More examples: https://ghost.org/docs/config/ https://dev.mysql.com/doc/refman/8.0/en/server-configuration-defaults.html https://www.postgresql.org/docs/current/config-setting.html#CONFIG-SETTING-CONFIGURATION-FILE https://www.rabbitmq.com/configure.html https://redis.io/docs/manual/config/ https://www.nginx.com/resources/wiki/start/topics/examples/full/ https://prometheus.io/docs/prometheus/latest/configuration/configuration/ https://etcd.io/docs/v3.4/op-guide/configuration/ https://www.vaultproject.io/docs/configuration https://airflow.apache.org/docs/apache-airflow/stable/configurations-ref.html https://wpmudev.com/blog/wordpress-wp-config-file-guide/ (php may be too hard) https://www.drupal.org/docs/configuration-management/managing-your-sites-configuration

We can look through charts for more examples: https://github.com/bitnami/charts/tree/master/bitnami

selfmanagingresource commented 2 years ago

Some discusson in our Kpt office hours

bgrant0607 commented 2 years ago

List of formats it looks like we need support for:

INI: https://github.com/go-ini/ini
Properties: https://github.com/magiconair/properties
JSON: https://pkg.go.dev/encoding/json
YAML: https://github.com/go-yaml/yaml
XML: https://pkg.go.dev/encoding/xml
TOML: https://github.com/pelletier/go-toml
env: https://github.com/caarlos0/env (?)
Line-delimited text, as a fallback for non-data-format cases like php, sql, lisp, etc.

This is not a lot of formats. They all have Go implementations with permissive open-source licenses, though they may not preserve comments and whitespace.

I like what Augeas has done, but most of the 300 formats it supports are for system files, which we don't need, so it would probably be easiest for us to develop our own implementation and canonical representation. We would want the mechanism to be similarly pluggable.

We will want to be able to infer the format, such as from file extension and/or trying to parse the file, with a fallback for the user to be able to specify the format.

bgrant0607 commented 2 years ago

Because https://github.com/kubernetes/kubernetes/issues/831 was never done, the configuration needs to be in a ConfigMap in order for it to be injected into the application in a straightforward manner.
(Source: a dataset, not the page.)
(* Let $m=n=1$, $\boldsymbol s\in\{(1,-1),(-1,1)\}$, $\tilde{\boldsymbol s}=(s_2,s_1)$, $\boldsymbol z$ $h$-generic, let $y$ be a polynomial representing a solution of the BAE associated to $\boldsymbol s,\boldsymbol\lambda,\boldsymbol z,l$ and $\tilde y$ the polynomial with $y\,\tilde y[-s_1]=\varphi^{\boldsymbol s}-\psi^{\boldsymbol s}$. Define \[\mathcal R^{\boldsymbol s}(y)=\Big(1-\frac{T_1^{\boldsymbol s}y[s_1]}{T_1^{\boldsymbol s}[s_1]y}\tau\Big)^{s_1}\Big(1-\frac{T_2^{\boldsymbol s}y[-s_2]}{T_2^{\boldsymbol s}[s_2]y}\tau\Big)^{s_2},\] and $\mathcal R^{\tilde{\boldsymbol s}}(\tilde y)$ by the same formula with $\boldsymbol s,y,T^{\boldsymbol s}$ replaced by $\tilde{\boldsymbol s},\tilde y,T^{\tilde{\boldsymbol s}}$. If $\boldsymbol\lambda$ is typical, then $\mathcal R^{\boldsymbol s}(y)$ is a $(1|1)$-rational difference operator and $\mathcal R^{\boldsymbol s}(y)=\mathcal R^{\tilde{\boldsymbol s}}(\tilde y)$.
   Context: Fix $h\in\mathbb{C}^\times$. $\mathbb{K}=\mathbb{C}(x)$, $f[i](x)=f(x-ih)$; $\mathbb{K}[\tau]$ difference operators with $\tau f=f[1]\tau$; $\mathbb{K}(\tau)$ its division ring of fractions. A fractional factorization $\mathcal R=\mathcal D_{\bar0}\mathcal D_{\bar1}^{-1}$ ($\mathcal D_{\bar0},\mathcal D_{\bar1}\in\mathbb{K}[\tau]$) is minimal if $\mathcal D_{\bar1}$ is monic of minimal order; $\mathcal R$ is a $(1|1)$-rational difference operator if in its minimal fractional factorization $\mathcal D_{\bar0},\mathcal D_{\bar1}$ are completely factorable over $\mathbb{K}$ (products of the leading coefficient and factors $\tau-g$, $g\in\mathbb{K}$), both have order $1$, and they have the same nonzero constant term. Polynomial $\mathfrak{gl}_{1|1}$ weights $\lambda^{(k)}$, $k=1,\dots,p$; their weights with respect to $\boldsymbol s$ (eigenvalues of $e_{\sigma(1)\sigma(1)},e_{\sigma(2)\sigma(2)}$ on the $\boldsymbol s$-highest weight vector, $\sigma$ the identity for $\boldsymbol s=(1,-1)$ and the transposition otherwise) are $(a_k,b_k)\in\mathbb{Z}^2_{\ge0}$ with $b_k=0$ if $a_k=0$; $\boldsymbol\lambda$ typical iff $a_k+b_k\ne0$ for some $k$. $\tilde a_k=b_k+1$, $\tilde b_k=a_k-1$ if $a_k+b_k\ne0$, else $\tilde a_k=\tilde b_k=0$. $\boldsymbol z$ $h$-generic. $T_1^{\boldsymbol s}=\prod_k\prod_{j=1}^{a_k}(x-z_k+s_1jh)$, $T_2^{\boldsymbol s}=\prod_k\prod_{j=1}^{b_k}(x-z_k+s_2jh)$, $T_1^{\tilde{\boldsymbol s}}=\prod_k\prod_{j=1}^{\tilde a_k}(x-z_k+\tilde s_1jh)$, $T_2^{\tilde{\boldsymbol s}}=\prod_k\prod_{j=1}^{\tilde b_k}(x-z_k+\tilde s_2jh)$. $\varphi^{\boldsymbol s}=\prod_{k:a_k+b_k\ne0}(x-z_k+s_1a_kh)$, $\psi^{\boldsymbol s}=\prod_{k:a_k+b_k\ne0}(x-z_k+s_2b_kh)$. BAE: $\prod_{k:a_k+b_k\ne0}\frac{t_j-z_k+s_1a_kh}{t_j-z_k+s_2b_kh}=1$, $j=1,\dots,l$, a root of multiplicity $r$ appearing at most $r$ times among the $t_j$; $y=\prod_j(x-t_j)$ represents the solution. *)

theory Defs
  imports "HOL-Computational_Algebra.Computational_Algebra" "HOL-Computational_Algebra.Field_as_Ring"
begin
Options we discussed today for how to represent app config:

Only represented in the native format (INI, etc.) in the package. This would require apply-time conversion to a ConfigMap, which is kind of similar to what is sometimes done for Secrets. It would also require translation to/from a canonical internal representation for update, diff, KRM function format (kpt fn source and sink), KRM function SDKs, the UI, and anything else manipulating configuration (e.g., a command like jx gitops yset). This experience would be most similar to the current kustomize experience, for kustomize users that don't commit the kustomize build output.
Only represented in KRM, analogous to the internal format mentioned above, in the package. This requires a migration tool to convert from/to the native format and a way to translate it into the internal format for consumption by the application, such as apply-time translation and wrapping in a ConfigMap, or apply-time wrapping in a ConfigMap and runtime translation in an init container or controller.
Represented in both the native format and KRM in the package, with one of them as the source of truth and translation performed eagerly.

The advantage of the application's native format as the source of truth (option 1 or 3) is easier compatibility with the existing application ecosystem(s), without frequent format migrations: reference documentation, tutorials, samples, generators, editors, IDE plugins, Augeas plugins, etc. For instance, here's a mariadb config I could copy/paste: https://www.ibm.com/docs/en/ztpf/1.1.0.15?topic=collection-mariadb-configuration-file-example

I personally don't have a problem with option 3, but it would be useful to get feedback from actual users.

For all the options, our tooling would manipulate our canonical representation.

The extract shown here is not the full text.